# What the exercise asks:
Return the data below exactly, but only from the line containing "4 \<le> norm" through the line containing "p = residue", with both of those lines included.

# Records for this exercise:
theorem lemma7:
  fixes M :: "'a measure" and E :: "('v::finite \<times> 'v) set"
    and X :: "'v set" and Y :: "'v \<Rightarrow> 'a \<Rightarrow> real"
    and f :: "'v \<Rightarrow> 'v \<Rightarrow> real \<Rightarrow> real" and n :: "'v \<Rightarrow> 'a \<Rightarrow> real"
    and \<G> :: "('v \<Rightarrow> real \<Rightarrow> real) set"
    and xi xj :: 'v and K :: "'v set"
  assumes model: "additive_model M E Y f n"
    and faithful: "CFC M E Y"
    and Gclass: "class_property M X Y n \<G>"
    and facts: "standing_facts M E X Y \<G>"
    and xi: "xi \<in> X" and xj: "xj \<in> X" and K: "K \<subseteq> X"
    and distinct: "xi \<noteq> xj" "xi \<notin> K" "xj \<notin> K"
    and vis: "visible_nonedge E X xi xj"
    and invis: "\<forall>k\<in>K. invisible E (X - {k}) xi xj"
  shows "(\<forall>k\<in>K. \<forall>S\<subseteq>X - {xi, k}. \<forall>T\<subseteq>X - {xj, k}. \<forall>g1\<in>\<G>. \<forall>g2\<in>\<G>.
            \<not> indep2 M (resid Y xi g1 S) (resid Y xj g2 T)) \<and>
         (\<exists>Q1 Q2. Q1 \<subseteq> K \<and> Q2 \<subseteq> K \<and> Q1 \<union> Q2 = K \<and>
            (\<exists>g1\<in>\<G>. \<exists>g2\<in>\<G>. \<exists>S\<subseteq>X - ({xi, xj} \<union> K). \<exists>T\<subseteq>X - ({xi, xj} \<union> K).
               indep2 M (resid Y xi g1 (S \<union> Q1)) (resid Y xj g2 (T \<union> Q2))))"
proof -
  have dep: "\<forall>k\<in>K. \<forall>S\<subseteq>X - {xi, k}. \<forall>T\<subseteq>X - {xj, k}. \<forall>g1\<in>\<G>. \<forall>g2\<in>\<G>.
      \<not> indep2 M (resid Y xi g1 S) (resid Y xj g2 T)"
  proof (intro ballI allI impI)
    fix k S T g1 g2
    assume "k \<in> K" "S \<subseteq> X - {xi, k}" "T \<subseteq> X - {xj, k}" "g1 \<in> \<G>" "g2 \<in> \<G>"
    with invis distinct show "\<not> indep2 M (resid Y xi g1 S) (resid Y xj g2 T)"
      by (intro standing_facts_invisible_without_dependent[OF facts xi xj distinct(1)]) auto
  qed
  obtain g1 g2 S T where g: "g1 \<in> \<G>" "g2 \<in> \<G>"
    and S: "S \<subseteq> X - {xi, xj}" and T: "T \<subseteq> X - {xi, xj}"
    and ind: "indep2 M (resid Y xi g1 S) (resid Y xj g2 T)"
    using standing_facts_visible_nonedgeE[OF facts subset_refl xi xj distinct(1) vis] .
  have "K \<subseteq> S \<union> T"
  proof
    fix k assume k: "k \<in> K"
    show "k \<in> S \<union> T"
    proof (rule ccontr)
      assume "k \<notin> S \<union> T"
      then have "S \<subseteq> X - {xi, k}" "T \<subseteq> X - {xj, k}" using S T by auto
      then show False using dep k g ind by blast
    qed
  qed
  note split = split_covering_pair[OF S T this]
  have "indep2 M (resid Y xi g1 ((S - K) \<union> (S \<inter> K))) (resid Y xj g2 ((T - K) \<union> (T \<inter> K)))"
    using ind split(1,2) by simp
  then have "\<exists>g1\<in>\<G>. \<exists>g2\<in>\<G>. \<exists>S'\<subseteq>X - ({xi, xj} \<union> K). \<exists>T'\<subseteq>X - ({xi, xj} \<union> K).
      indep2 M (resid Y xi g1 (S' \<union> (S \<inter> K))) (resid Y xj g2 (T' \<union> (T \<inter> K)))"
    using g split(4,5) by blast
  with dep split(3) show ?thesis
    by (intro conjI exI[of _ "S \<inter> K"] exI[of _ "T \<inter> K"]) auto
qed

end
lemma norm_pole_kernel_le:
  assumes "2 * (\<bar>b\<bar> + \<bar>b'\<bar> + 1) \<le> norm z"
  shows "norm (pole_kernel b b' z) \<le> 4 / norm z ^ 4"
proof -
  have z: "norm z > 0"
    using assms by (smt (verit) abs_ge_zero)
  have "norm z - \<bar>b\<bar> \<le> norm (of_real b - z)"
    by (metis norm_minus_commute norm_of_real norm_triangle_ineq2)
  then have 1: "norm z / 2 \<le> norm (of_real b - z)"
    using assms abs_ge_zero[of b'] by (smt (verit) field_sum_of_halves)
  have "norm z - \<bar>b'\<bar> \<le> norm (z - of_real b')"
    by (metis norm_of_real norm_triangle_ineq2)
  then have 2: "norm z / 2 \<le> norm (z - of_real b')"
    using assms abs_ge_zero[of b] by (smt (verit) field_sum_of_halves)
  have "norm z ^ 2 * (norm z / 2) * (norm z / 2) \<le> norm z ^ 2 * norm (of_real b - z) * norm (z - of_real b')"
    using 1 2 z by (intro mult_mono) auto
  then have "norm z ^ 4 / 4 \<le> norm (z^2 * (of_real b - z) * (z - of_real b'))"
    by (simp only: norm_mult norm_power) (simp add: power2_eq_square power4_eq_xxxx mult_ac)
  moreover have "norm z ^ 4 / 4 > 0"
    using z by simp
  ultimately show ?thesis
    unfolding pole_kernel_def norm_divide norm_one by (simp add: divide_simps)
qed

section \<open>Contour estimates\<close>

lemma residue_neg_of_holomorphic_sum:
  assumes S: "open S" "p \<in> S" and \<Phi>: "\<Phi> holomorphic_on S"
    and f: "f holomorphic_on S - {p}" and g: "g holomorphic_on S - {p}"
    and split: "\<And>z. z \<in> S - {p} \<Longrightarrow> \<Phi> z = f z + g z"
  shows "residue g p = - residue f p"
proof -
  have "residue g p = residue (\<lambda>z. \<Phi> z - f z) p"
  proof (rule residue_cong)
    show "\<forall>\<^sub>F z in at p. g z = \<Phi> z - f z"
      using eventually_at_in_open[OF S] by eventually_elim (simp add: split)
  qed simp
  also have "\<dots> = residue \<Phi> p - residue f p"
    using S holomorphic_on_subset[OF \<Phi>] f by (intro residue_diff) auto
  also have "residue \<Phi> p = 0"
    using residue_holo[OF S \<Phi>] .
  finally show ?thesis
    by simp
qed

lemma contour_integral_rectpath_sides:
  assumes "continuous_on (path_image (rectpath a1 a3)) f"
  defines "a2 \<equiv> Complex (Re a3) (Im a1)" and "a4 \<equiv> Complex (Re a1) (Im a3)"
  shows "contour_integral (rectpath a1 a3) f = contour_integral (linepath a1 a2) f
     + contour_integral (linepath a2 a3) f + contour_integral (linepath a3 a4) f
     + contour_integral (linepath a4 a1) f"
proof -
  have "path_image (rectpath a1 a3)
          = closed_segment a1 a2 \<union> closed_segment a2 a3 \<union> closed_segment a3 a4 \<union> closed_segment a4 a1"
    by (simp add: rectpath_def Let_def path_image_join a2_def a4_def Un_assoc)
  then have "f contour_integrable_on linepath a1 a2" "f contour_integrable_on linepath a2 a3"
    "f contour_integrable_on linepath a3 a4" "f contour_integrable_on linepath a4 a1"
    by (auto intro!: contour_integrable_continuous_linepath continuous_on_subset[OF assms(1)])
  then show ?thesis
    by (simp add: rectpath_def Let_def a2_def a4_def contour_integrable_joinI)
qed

---

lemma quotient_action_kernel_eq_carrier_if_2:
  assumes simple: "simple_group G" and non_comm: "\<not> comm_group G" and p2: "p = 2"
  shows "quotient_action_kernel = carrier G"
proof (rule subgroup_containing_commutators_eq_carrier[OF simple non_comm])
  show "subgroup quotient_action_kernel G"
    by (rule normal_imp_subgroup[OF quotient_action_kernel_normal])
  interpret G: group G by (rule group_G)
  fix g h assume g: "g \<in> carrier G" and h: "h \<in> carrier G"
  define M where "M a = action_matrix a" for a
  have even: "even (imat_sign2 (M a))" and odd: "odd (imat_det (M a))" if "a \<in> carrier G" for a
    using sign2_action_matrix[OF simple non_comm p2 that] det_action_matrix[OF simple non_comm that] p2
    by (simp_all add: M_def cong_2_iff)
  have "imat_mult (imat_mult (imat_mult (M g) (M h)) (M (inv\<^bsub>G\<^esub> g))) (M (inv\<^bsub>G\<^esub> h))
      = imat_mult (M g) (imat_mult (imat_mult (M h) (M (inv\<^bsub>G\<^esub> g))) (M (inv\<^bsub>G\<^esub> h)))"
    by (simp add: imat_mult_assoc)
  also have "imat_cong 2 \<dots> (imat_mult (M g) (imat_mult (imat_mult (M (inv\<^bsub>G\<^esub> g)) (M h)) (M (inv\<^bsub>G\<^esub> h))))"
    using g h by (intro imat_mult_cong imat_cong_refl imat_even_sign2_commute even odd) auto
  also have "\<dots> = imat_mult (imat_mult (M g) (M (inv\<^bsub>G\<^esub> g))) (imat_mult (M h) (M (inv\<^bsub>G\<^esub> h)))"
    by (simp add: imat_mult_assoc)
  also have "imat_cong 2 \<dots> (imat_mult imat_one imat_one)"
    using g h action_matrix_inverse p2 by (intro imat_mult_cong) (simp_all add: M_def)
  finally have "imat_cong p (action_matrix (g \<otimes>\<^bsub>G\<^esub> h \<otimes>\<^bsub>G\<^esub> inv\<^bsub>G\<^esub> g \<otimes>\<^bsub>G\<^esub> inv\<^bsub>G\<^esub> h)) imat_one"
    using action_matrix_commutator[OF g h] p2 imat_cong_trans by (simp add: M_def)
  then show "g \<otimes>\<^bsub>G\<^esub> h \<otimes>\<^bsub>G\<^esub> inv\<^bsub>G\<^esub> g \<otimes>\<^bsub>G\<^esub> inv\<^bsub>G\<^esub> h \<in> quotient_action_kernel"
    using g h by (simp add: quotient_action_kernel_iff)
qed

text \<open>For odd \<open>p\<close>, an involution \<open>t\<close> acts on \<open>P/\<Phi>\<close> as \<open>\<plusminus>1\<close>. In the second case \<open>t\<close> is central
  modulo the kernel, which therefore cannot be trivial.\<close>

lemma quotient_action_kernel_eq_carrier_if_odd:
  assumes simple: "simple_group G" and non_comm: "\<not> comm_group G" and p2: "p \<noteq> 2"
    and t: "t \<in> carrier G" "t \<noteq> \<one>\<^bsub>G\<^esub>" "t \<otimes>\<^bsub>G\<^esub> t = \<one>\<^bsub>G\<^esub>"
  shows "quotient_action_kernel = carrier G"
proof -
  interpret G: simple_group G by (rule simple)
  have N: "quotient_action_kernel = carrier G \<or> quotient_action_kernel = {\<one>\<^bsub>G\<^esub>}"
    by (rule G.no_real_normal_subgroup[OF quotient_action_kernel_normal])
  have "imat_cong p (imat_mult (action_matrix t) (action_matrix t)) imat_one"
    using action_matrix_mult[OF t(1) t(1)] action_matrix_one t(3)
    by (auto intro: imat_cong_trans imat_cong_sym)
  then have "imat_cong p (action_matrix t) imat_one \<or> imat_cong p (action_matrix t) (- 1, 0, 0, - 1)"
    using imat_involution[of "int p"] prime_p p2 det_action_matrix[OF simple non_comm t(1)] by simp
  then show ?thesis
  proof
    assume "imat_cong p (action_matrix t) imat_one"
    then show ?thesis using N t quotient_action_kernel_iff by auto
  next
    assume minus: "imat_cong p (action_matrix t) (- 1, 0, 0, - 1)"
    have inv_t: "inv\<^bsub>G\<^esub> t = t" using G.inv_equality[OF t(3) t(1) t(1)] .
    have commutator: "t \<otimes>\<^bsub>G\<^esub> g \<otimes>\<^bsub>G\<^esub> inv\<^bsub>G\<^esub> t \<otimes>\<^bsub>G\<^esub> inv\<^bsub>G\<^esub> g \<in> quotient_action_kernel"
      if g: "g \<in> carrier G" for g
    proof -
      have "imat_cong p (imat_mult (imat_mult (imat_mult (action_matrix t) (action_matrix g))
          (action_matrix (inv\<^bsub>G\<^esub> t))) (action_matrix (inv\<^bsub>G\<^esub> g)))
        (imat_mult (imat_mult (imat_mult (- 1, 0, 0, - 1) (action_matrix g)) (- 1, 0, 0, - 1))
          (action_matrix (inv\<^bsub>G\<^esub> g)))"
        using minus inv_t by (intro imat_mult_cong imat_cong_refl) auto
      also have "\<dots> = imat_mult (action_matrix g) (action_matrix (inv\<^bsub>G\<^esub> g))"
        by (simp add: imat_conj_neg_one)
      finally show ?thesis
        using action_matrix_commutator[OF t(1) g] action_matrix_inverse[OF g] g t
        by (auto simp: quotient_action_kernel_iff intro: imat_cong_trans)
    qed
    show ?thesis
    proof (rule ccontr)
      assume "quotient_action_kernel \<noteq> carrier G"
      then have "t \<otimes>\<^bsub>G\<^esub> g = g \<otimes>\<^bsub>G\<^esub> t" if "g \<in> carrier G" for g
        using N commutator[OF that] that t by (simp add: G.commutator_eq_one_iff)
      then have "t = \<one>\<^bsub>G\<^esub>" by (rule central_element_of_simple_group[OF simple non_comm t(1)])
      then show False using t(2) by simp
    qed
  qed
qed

...

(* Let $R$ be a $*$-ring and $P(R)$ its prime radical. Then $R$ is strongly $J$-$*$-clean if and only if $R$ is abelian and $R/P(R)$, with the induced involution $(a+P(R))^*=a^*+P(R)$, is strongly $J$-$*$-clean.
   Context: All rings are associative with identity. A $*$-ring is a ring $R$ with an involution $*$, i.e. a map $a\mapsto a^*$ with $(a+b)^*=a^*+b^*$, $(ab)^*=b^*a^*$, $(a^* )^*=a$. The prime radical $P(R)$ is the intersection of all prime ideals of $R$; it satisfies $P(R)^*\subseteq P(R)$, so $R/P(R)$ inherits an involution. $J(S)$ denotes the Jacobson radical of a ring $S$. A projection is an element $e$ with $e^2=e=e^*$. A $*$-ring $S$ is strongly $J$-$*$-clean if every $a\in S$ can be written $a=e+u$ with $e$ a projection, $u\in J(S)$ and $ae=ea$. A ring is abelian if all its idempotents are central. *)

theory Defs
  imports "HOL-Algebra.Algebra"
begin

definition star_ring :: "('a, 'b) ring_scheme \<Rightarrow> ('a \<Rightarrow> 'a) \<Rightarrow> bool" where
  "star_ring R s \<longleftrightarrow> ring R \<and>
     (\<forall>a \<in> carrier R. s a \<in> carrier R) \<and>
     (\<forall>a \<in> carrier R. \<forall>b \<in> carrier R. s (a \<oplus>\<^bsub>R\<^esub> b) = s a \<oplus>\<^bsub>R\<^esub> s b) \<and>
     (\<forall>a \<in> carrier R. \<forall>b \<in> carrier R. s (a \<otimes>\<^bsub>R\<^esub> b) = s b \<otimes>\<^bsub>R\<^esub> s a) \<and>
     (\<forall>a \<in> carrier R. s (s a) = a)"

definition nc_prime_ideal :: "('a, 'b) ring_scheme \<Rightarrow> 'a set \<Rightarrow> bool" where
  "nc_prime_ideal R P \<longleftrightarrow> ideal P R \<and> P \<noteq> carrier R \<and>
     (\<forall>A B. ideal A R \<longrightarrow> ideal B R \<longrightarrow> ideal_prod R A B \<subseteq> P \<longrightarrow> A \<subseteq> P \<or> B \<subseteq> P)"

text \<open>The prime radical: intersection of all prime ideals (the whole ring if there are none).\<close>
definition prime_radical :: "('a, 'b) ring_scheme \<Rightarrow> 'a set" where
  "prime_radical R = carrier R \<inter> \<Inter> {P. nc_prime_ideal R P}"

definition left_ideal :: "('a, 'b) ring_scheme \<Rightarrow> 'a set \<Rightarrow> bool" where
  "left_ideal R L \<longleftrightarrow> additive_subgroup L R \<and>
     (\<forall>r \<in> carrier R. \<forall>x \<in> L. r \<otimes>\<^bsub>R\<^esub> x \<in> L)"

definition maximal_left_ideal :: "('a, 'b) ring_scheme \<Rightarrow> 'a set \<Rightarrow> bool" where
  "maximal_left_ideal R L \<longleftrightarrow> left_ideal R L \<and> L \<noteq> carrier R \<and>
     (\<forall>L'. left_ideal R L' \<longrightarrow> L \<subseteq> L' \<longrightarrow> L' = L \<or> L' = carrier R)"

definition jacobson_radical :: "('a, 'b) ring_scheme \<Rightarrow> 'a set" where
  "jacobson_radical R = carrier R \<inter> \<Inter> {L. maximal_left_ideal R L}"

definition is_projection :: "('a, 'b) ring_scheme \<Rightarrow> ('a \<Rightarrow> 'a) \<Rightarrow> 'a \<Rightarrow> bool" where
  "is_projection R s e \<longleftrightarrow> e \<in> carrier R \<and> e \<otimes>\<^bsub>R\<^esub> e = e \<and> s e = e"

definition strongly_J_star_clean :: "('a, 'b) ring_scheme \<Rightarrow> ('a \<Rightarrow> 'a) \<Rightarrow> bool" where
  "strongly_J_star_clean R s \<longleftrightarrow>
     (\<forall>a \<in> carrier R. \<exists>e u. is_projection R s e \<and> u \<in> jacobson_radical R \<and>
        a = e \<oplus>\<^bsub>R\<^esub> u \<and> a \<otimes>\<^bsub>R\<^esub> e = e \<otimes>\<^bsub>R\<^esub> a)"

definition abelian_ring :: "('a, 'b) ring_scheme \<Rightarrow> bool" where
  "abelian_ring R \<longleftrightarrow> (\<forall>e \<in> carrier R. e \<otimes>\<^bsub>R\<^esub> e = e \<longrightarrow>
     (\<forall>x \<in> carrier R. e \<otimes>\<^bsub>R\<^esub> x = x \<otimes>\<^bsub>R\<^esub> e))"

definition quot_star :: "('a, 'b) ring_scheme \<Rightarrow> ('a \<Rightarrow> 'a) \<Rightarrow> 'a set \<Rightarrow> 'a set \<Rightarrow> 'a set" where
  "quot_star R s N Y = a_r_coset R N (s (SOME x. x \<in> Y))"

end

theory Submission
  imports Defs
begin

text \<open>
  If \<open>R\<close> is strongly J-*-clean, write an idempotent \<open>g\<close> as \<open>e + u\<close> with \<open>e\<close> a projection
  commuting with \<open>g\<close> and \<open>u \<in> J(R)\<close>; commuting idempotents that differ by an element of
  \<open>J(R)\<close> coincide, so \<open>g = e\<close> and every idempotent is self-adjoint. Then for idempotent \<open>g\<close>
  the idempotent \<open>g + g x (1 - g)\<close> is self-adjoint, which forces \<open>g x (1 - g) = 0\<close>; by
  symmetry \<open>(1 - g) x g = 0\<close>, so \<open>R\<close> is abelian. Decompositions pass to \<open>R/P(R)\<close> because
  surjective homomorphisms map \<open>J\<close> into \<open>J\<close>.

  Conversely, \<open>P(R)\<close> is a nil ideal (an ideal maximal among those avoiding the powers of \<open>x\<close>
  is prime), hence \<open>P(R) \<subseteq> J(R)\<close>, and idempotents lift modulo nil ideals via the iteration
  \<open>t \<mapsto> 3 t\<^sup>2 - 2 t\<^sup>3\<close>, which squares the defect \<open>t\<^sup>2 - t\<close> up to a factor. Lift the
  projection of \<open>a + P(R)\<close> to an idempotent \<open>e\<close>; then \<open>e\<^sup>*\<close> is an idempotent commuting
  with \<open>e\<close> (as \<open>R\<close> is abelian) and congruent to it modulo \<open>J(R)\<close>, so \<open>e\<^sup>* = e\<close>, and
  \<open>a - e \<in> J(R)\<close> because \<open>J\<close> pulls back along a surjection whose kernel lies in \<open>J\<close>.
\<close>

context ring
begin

# Task solution:
  then have "norm z ^ 4 / 4 \<le> norm (z^2 * (of_real b - z) * (z - of_real b'))"
    by (simp only: norm_mult norm_power) (simp add: power2_eq_square power4_eq_xxxx mult_ac)
  moreover have "norm z ^ 4 / 4 > 0"
    using z by simp
  ultimately show ?thesis
    unfolding pole_kernel_def norm_divide norm_one by (simp add: divide_simps)
qed

section \<open>Contour estimates\<close>

lemma residue_neg_of_holomorphic_sum:
  assumes S: "open S" "p \<in> S" and \<Phi>: "\<Phi> holomorphic_on S"
    and f: "f holomorphic_on S - {p}" and g: "g holomorphic_on S - {p}"
    and split: "\<And>z. z \<in> S - {p} \<Longrightarrow> \<Phi> z = f z + g z"
  shows "residue g p = - residue f p"
proof -
  have "residue g p = residue (\<lambda>z. \<Phi> z - f z) p"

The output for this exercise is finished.